Stratigraphic chart showing fusulinid ranges.

During most of the 20th century, the Carboniferous (Pennsylvanian)-Permian boundary in the North American midcontinent was placed at a regional unconformity between the Wabaunsee and Admire Groups (Moore, 1940; fig. 2). As a result, fusulinids (e.g., Thompson, 1954) and other fossil assemblages from the Admire Group and overlying lower part of the Council Grove Group, and correlative units throughout North America, were dated as earliest Permian (early Wolfcampian). Ross (1963, fig. 11), in a study of the fusulinids of the Wolfcampian stratotype in the Glass Mountains of west Texas, recognized that the North American boundary horizon did not correlate well biostratigraphically with the Eurasian Carboniferous-Permian boundary. Ross (1963, fig. 11) suggested that in North America the Carboniferous (Pennsylvanian)-Permian boundary could be placed slightly higher in the section at the base of the zone of inflated schwagerinids (Pseudoschwagerina, Paraschwagerina), which is at the base of the Neal Ranch Formation in the Wolfcampian stratotype. Ross and Ross (1987a,b) proposed two new Wolfcampian substages in the stratotype, the Nealian and Lenoxian, based on the Neal Ranch and overlying Lenox Hills Formations, both of which are unconformity-bound units.

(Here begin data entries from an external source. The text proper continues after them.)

(* In the Fock representation, the $Q^+$-operator $Q^+(v)=\sum_{r\ge0}Q^+_rv^r$ is invertible (as a formal power series in $v$ with coefficients in $\mathrm{End}\,\mathcal F^n$) and $$Q^+(v)^{-1}=\sum_{r\ge0}v^r\det\big((-1)^{1-i+j}Q^+_{1-i+j}\big)_{1\le i,j\le r},$$ where $Q^+_s:=0$ for $s<0$ and $Q^+_0=1$. Moreover, for $r<n$ these coefficients simplify to $\det\big((-1)^{1-i+j}Q^+_{1-i+j}\big)_{1\le i,j\le r}=q^{-2r}Q^-_r$.
   Context: $q$ is an indeterminate, $n\ge1$, $z$ a parameter, $(q^2)_m=\prod_{j=1}^m(1-q^{2j})$. Fock space $\mathcal F^n$: basis $|\lambda\rangle$ indexed by partitions with at most $n$ parts, $m_j(\lambda)=\lambda_j-\lambda_{j+1}$ ($\lambda_{n+1}=0$) particles at site $j$; $\beta_j^*$ adds a particle at site $j$ with factor $(1-q^{2m_j(\lambda)+2})$, $\beta_j$ removes a particle at site $j$ (giving $0$ if none), $q^{N_j}|\lambda\rangle=q^{m_j(\lambda)}|\lambda\rangle$. The commuting operators $Q^\pm_r$ are $$Q^+_r=(-1)^r\sum_{\alpha}z^{\alpha_n}\frac{(\beta_1^* )^{\alpha_n}(\beta_1\beta_2^* )^{\alpha_1}\cdots(\beta_{n-1}\beta_n^* )^{\alpha_{n-1}}\beta_n^{\alpha_n}}{(q^2)_{\alpha_1}\cdots(q^2)_{\alpha_n}},\quad Q^-_r=\sum_{\alpha}z^{\alpha_n}\frac{\beta_n^{\alpha_n}(\beta_{n-1}\beta_n^* )^{\alpha_{n-1}}\cdots(\beta_1\beta_2^* )^{\alpha_1}(\beta_1^* )^{\alpha_n}}{(q^2)_{\alpha_1}\cdots(q^2)_{\alpha_n}}\prod_{i=1}^nq^{\alpha_i(\alpha_i+1)},$$ sums over compositions $\alpha\in\mathbb Z^n_{\ge0}$ of $r$. *)

theory Defs
  imports "HOL-Combinatorics.Permutations"
begin

text \<open>Basis states of the Fock space: occupation vectors m, where m j is the
number of particles at site j (1 \<le> j \<le> n).  A partition with at most n parts
corresponds to m j = lambda_j - lambda_(j+1); this is a bijection.\<close>

type_synonym state = "nat \<Rightarrow> nat"
type_synonym 'a vect = "state \<Rightarrow> 'a"
text \<open>An operator is given by its action on basis vectors:
  A m mu = coefficient of |mu> in A|m>.\<close>
type_synonym 'a oper = "state \<Rightarrow> 'a vect"

definition fock :: "nat \<Rightarrow> state set" where
  "fock n = {m. m 0 = 0 \<and> (\<forall>j>n. m j = 0)}"

definition vsupp :: "'a::zero vect \<Rightarrow> state set" where
  "vsupp v = {mu. v mu \<noteq> 0}"

definition apply_op :: "'a::comm_ring_1 oper \<Rightarrow> 'a vect \<Rightarrow> 'a vect" where
  "apply_op A v = (\<lambda>mu. \<Sum>nu\<in>vsupp v. v nu * A nu mu)"

definition comp_op :: "'a::comm_ring_1 oper \<Rightarrow> 'a oper \<Rightarrow> 'a oper" where
  "comp_op A B = (\<lambda>m. apply_op A (B m))"

definition id_op :: "'a::comm_ring_1 oper" where
  "id_op = (\<lambda>m mu. if mu = m then 1 else 0)"

definition zero_op :: "'a::comm_ring_1 oper" where
  "zero_op = (\<lambda>m mu. 0)"

definition scale_op :: "'a::comm_ring_1 \<Rightarrow> 'a oper \<Rightarrow> 'a oper" where
  "scale_op c A = (\<lambda>m mu. c * A m mu)"

primrec pow_op :: "'a::comm_ring_1 oper \<Rightarrow> nat \<Rightarrow> 'a oper" where
  "pow_op A 0 = id_op"
| "pow_op A (Suc k) = comp_op A (pow_op A k)"

definition prod_op :: "(nat \<Rightarrow> 'a::comm_ring_1 oper) \<Rightarrow> nat list \<Rightarrow> 'a oper" where
  "prod_op F is = foldr (\<lambda>i acc. comp_op (F i) acc) is id_op"

definition bstar :: "'a::comm_ring_1 \<Rightarrow> nat \<Rightarrow> 'a oper" where
  "bstar q j = (\<lambda>m mu. if mu = m(j := Suc (m j)) then 1 - q ^ (2 * m j + 2) else 0)"

definition bann :: "nat \<Rightarrow> 'a::comm_ring_1 oper" where
  "bann j = (\<lambda>m mu. if 0 < m j \<and> mu = m(j := m j - 1) then 1 else 0)"

definition qpoch :: "'a::comm_ring_1 \<Rightarrow> nat \<Rightarrow> 'a" where
  "qpoch q m = (\<Prod>j=1..m. 1 - q ^ (2 * j))"

definition comps :: "nat \<Rightarrow> nat \<Rightarrow> (nat \<Rightarrow> nat) set" where
  "comps n r = {\<alpha>. (\<forall>i. (i = 0 \<or> n < i) \<longrightarrow> \<alpha> i = 0) \<and> (\<Sum>i=1..n. \<alpha> i) = r}"

definition Qplus :: "nat \<Rightarrow> 'a::field \<Rightarrow> 'a \<Rightarrow> nat \<Rightarrow> 'a oper" where
  "Qplus n q z r = (\<lambda>m mu. (-1) ^ r * (\<Sum>\<alpha>\<in>comps n r.
      z ^ \<alpha> n / (\<Prod>i=1..n. qpoch q (\<alpha> i)) *
      comp_op (pow_op (bstar q 1) (\<alpha> n))
        (comp_op (prod_op (\<lambda>i. pow_op (comp_op (bann i) (bstar q (Suc i))) (\<alpha> i)) [1..<n])
           (pow_op (bann n) (\<alpha> n))) m mu))"

definition Qminus :: "nat \<Rightarrow> 'a::field \<Rightarrow> 'a \<Rightarrow> nat \<Rightarrow> 'a oper" where
  "Qminus n q z r = (\<lambda>m mu. (\<Sum>\<alpha>\<in>comps n r.
      z ^ \<alpha> n / (\<Prod>i=1..n. qpoch q (\<alpha> i)) * (\<Prod>i=1..n. q ^ (\<alpha> i * (\<alpha> i + 1))) *
      comp_op (pow_op (bann n) (\<alpha> n))
        (comp_op (prod_op (\<lambda>i. pow_op (comp_op (bann i) (bstar q (Suc i))) (\<alpha> i)) (rev [1..<n]))
           (pow_op (bstar q 1) (\<alpha> n))) m mu))"

definition Qplus_int :: "nat \<Rightarrow> 'a::field \<Rightarrow> 'a \<Rightarrow> int \<Rightarrow> 'a oper" where
  "Qplus_int n q z s = (if s < 0 then zero_op else Qplus n q z (nat s))"

text \<open>Leibniz determinant of an r x r matrix E (indices 1..r) with entries in
End F^n, products taken in row order (entries here commute).\<close>
definition det_op :: "nat \<Rightarrow> (nat \<Rightarrow> nat \<Rightarrow> 'a::comm_ring_1 oper) \<Rightarrow> 'a oper" where
  "det_op r E = (\<lambda>m mu. \<Sum>\<sigma>\<in>{\<sigma>. \<sigma> permutes {1..r}}.
      of_int (sign \<sigma>) * prod_op (\<lambda>i. E i (\<sigma> i)) [1..<Suc r] m mu)"

definition Dcoef :: "nat \<Rightarrow> 'a::field \<Rightarrow> 'a \<Rightarrow> nat \<Rightarrow> 'a oper" where
  "Dcoef n q z r = det_op r (\<lambda>i j. let s = 1 - int i + int j in
      scale_op ((-1) ^ nat s) (Qplus_int n q z s))"

text \<open>Coefficient of v^r in the product of two formal power series in v
with coefficients in End F^n.\<close>
definition conv_op :: "(nat \<Rightarrow> 'a::comm_ring_1 oper) \<Rightarrow> (nat \<Rightarrow> 'a oper) \<Rightarrow> nat \<Rightarrow> 'a oper" where
  "conv_op A B r = (\<lambda>m mu. \<Sum>k=0..r. comp_op (A k) (B (r - k)) m mu)"

end

theory Submission
  imports Defs
begin

text \<open>
Every summand of \<open>Q\<^sup>\<pm>\<^sub>r\<close> is a monomial operator: it moves \<open>\<alpha>\<^sub>i\<close> particles from each site \<open>i\<close> to
the cyclically next site and multiplies by a scalar, so all identities reduce to identities between
scalar coefficients.

The matrix \<open>(Q\<^sup>+\<^sub>1\<^sub>-\<^sub>i\<^sub>+\<^sub>j)\<close> is upper Hessenberg with ones on the subdiagonal.  Expanding its
determinant \<open>D\<^sub>r\<close> along the first column gives \<open>D\<^sub>r = - \<Sum>\<^sub>k\<^sub>\<ge>\<^sub>1 Q\<^sup>+\<^sub>k D\<^sub>r\<^sub>-\<^sub>k\<close>, i.e. \<open>D\<close> is a
right inverse of \<open>Q\<^sup>+\<close>; since \<open>Q\<^sup>+\<^sub>0 = 1\<close> it is also a left inverse.

By the same recursion, the second claim amounts to \<open>\<Sum>\<^sub>k q\<^sup>2\<^sup>k Q\<^sup>+\<^sub>k Q\<^sup>-\<^sub>r\<^sub>-\<^sub>k = 0\<close> for
\<open>0 < r < n\<close>.  Group its terms by the total displacement \<open>\<gamma>\<close>, a composition of \<open>r\<close> into \<open>n\<close>
parts.  As \<open>r < n\<close>, some site \<open>i\<close> has \<open>\<gamma>\<^sub>i > 0\<close> while the next site has \<open>\<gamma> = 0\<close>; then the
share \<open>\<alpha>\<^sub>i\<close> of \<open>\<gamma>\<^sub>i\<close> moved by \<open>Q\<^sup>+\<close> enters only through one scalar factor, whose sum over
\<open>\<alpha>\<^sub>i = 0..\<gamma>\<^sub>i\<close> vanishes by a q-binomial identity.
\<close>

subsection \<open>Operators given by matrices\<close>

definition column_finite :: "'a::comm_ring_1 oper \<Rightarrow> bool" where
  "column_finite A \<longleftrightarrow> (\<forall>m. finite (vsupp (A m)))"

definition mono_op :: "(state \<Rightarrow> state) \<Rightarrow> (state \<Rightarrow> 'a) \<Rightarrow> 'a::comm_ring_1 oper" where
  "mono_op s c = (\<lambda>m mu. if mu = s m then c m else 0)"

lemma apply_op_eq_sum_superset:
  assumes "finite F" "vsupp v \<subseteq> F"
  shows "apply_op A v mu = (\<Sum>nu\<in>F. v nu * A nu mu)"
  unfolding apply_op_def
  by (rule sum.mono_neutral_left) (use assms in \<open>auto simp: vsupp_def\<close>)

lemma apply_op_single: "apply_op A (\<lambda>mu. if mu = t then c else 0) mu0 = c * A t mu0"
  by (subst apply_op_eq_sum_superset[of "{t}"]) (auto simp: vsupp_def)

lemma apply_op_scale:
  fixes c :: "'a::field"
  shows "apply_op A (\<lambda>mu. c * v mu) mu0 = c * apply_op A v mu0"
proof (cases "c = 0")
  case False
  then have "vsupp (\<lambda>mu. c * v mu) = vsupp v" by (auto simp: vsupp_def)
  then show ?thesis by (simp add: apply_op_def sum_distrib_left mult.assoc)
qed (simp add: apply_op_def vsupp_def)

lemma vsupp_lincomb_subset:
  fixes c :: "_ \<Rightarrow> 'a::comm_ring_1"
  shows "vsupp (\<lambda>mu. \<Sum>x\<in>X. c x * v x mu) \<subseteq> (\<Union>x\<in>X. vsupp (v x))"
proof
  fix mu assume "mu \<in> vsupp (\<lambda>mu. \<Sum>x\<in>X. c x * v x mu)"
  then have "(\<Sum>x\<in>X. c x * v x mu) \<noteq> 0" by (simp add: vsupp_def)
  then obtain x where "x \<in> X" "c x * v x mu \<noteq> 0" by (meson sum.neutral)
  then have "v x mu \<noteq> 0" by auto
  with \<open>x \<in> X\<close> show "mu \<in> (\<Union>x\<in>X. vsupp (v x))" by (auto simp: vsupp_def)
qed

lemma apply_op_lincomb:
  assumes "finite X" "\<And>x. x \<in> X \<Longrightarrow> finite (vsupp (v x))"
  shows "apply_op A (\<lambda>mu. \<Sum>x\<in>X. c x * v x mu) mu0 = (\<Sum>x\<in>X. c x * apply_op A (v x) mu0)"
proof -
  define F where "F = (\<Union>x\<in>X. vsupp (v x))"
  have F: "finite F" using assms by (simp add: F_def)
  have "apply_op A (\<lambda>mu. \<Sum>x\<in>X. c x * v x mu) mu0 = (\<Sum>nu\<in>F. (\<Sum>x\<in>X. c x * v x nu) * A nu mu0)"
    using F vsupp_lincomb_subset unfolding F_def by (rule apply_op_eq_sum_superset)
  also have "\<dots> = (\<Sum>x\<in>X. c x * (\<Sum>nu\<in>F. v x nu * A nu mu0))"
    by (simp add: sum_distrib_left sum_distrib_right mult.assoc sum.swap[of _ F])
  also have "\<dots> = (\<Sum>x\<in>X. c x * apply_op A (v x) mu0)"
    by (rule sum.cong[OF refl]) (subst apply_op_eq_sum_superset[OF F], auto simp: F_def)
  finally show ?thesis .
qed

lemma apply_op_lincomb_op:
  "apply_op (\<lambda>m mu. \<Sum>x\<in>X. c x * F x m mu) v mu0 = (\<Sum>x\<in>X. c x * apply_op (F x) v mu0)"
  unfolding apply_op_def by (simp add: sum_distrib_left sum.swap[of _ X] mult.left_commute)

lemma apply_op_id: "finite (vsupp v) \<Longrightarrow> apply_op id_op v = v"
  by (rule ext, subst apply_op_eq_sum_superset[of "insert _ (vsupp v)"])
    (auto simp: id_op_def if_distrib cong: if_cong)

lemma finite_vsupp_apply_op:
  assumes "finite (vsupp v)" "column_finite A"
  shows "finite (vsupp (apply_op A v))"
proof -
  have "vsupp (apply_op A v) \<subseteq> (\<Union>nu\<in>vsupp v. vsupp (A nu))"
    using vsupp_lincomb_subset[of v A "vsupp v"] by (simp add: apply_op_def)
  then show ?thesis using assms by (auto simp: column_finite_def intro: finite_subset)
qed

lemma comp_op_mono_op: "comp_op A (mono_op s c) m mu = c m * A (s m) mu"
  unfolding comp_op_def mono_op_def by (simp add: apply_op_single)

lemma mono_op_comp_mono_op:
  "comp_op (mono_op s1 c1) (mono_op s2 c2) = mono_op (s1 \<circ> s2) (\<lambda>m. c2 m * c1 (s2 m))"
  by (intro ext, subst comp_op_mono_op) (simp add: mono_op_def)

lemma mono_op_cong: "(\<And>m. s m = s' m) \<Longrightarrow> (\<And>m. c m = c' m) \<Longrightarrow> mono_op s c = mono_op s' c'"
  by (rule arg_cong2[where f=mono_op]) auto

lemma id_op_eq_mono_op: "id_op = mono_op id (\<lambda>_. 1)"
  by (auto simp: fun_eq_iff id_op_def mono_op_def)

lemma comp_op_id_right: "comp_op A id_op = A"
  by (simp add: fun_eq_iff id_op_eq_mono_op comp_op_mono_op)

lemma comp_op_id_left: "column_finite A \<Longrightarrow> comp_op id_op A = A"
  by (simp add: fun_eq_iff comp_op_def apply_op_id column_finite_def)

lemma zero_op_apply [simp]: "zero_op m mu = 0"
  by (simp add: zero_op_def)

lemma comp_op_zero_left: "comp_op zero_op A = zero_op"
  by (simp add: fun_eq_iff comp_op_def apply_op_def zero_op_def)

lemma comp_op_zero_right: "comp_op A zero_op = zero_op"
  by (simp add: fun_eq_iff comp_op_def apply_op_def zero_op_def vsupp_def)

lemma comp_op_scale_left: "comp_op (scale_op c A) B m mu = c * comp_op A B m mu"
  by (simp add: comp_op_def apply_op_def scale_op_def sum_distrib_left mult.left_commute)

lemma comp_op_scale_right: "comp_op (A::'a::field oper) (scale_op c B) m mu = c * comp_op A B m mu"
  by (simp add: comp_op_def scale_op_def apply_op_scale)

Davydov et al. (1991, 1992) proposed to the International Stratigraphic Subcommission that the base of the Permian System in type-Eurasian region be designated at the base of the Asselian Stage in the southern Ural Mountains of Kazakhstan based on the appearance of the conodont Streptognathodus isolatus and on the slightly higher appearance of the first inflated schwagerinid fusulinids (Sphaeroschwagerina). Citing that proposal, Baars et al. (1994) proposed that the Carboniferous (Pennsylvanian)-Permian boundary in the North American midcontinent be elevated from the traditional Wabaunsee-Admire Group boundary to the Neva Limestone Member of the Grenola Limestone (middle part of the Council Grove Group) in Kansas, where the first North American inflated schwagerinid Paraschwagerina kansasensis (Beede and Kniker) appears. Then, Ritter (1995) and Chernykh and Ritter (1997) correlated the conodont faunas from the proposed Uralian boundary stratotype with those of midcontinent North America to a slightly lower horizon at the contact of the Glenrock Limestone and Bennett Shale Members of the Red Eagle Limestone (lower part of the Council Grove Group; fig. 2). A few years later, the International Stratigraphic Subcommission approved the definition of the base of the Asselian Stage at the first occurrence of Streptognathodus isolatus and the proposal of a new Global Carboniferous (Pennsylvanian)-Permian Boundary Stratotype Section (GSSP) in the southern Ural Mountains of Kazakhstan (Davydov et al., 1998). Boardman et al. (1998) recognized that horizon in Kansas at the Glenrock Limestone-Bennett Shale Members contact. Sawin et al. (2006) proposed the Red Eagle Limestone section at the Tuttle Creek Lake Spillway in Kansas (Locality 1 herein) as the North American boundary reference section. Wahlman (1998), Wahlman and King (2002), Wahlman and Kues (2004), and Wahlman (in prep.) have most recently discussed the fusulinid biostratigraphy of the new Carboniferous (Pennsylvanian)-Permian boundary interval in the midcontinent and southwestern United States, noting that further analyses of fusulinid faunas between the new boundary and the Neva Limestone Member of the Grenola Limestone in the midcontinent are needed.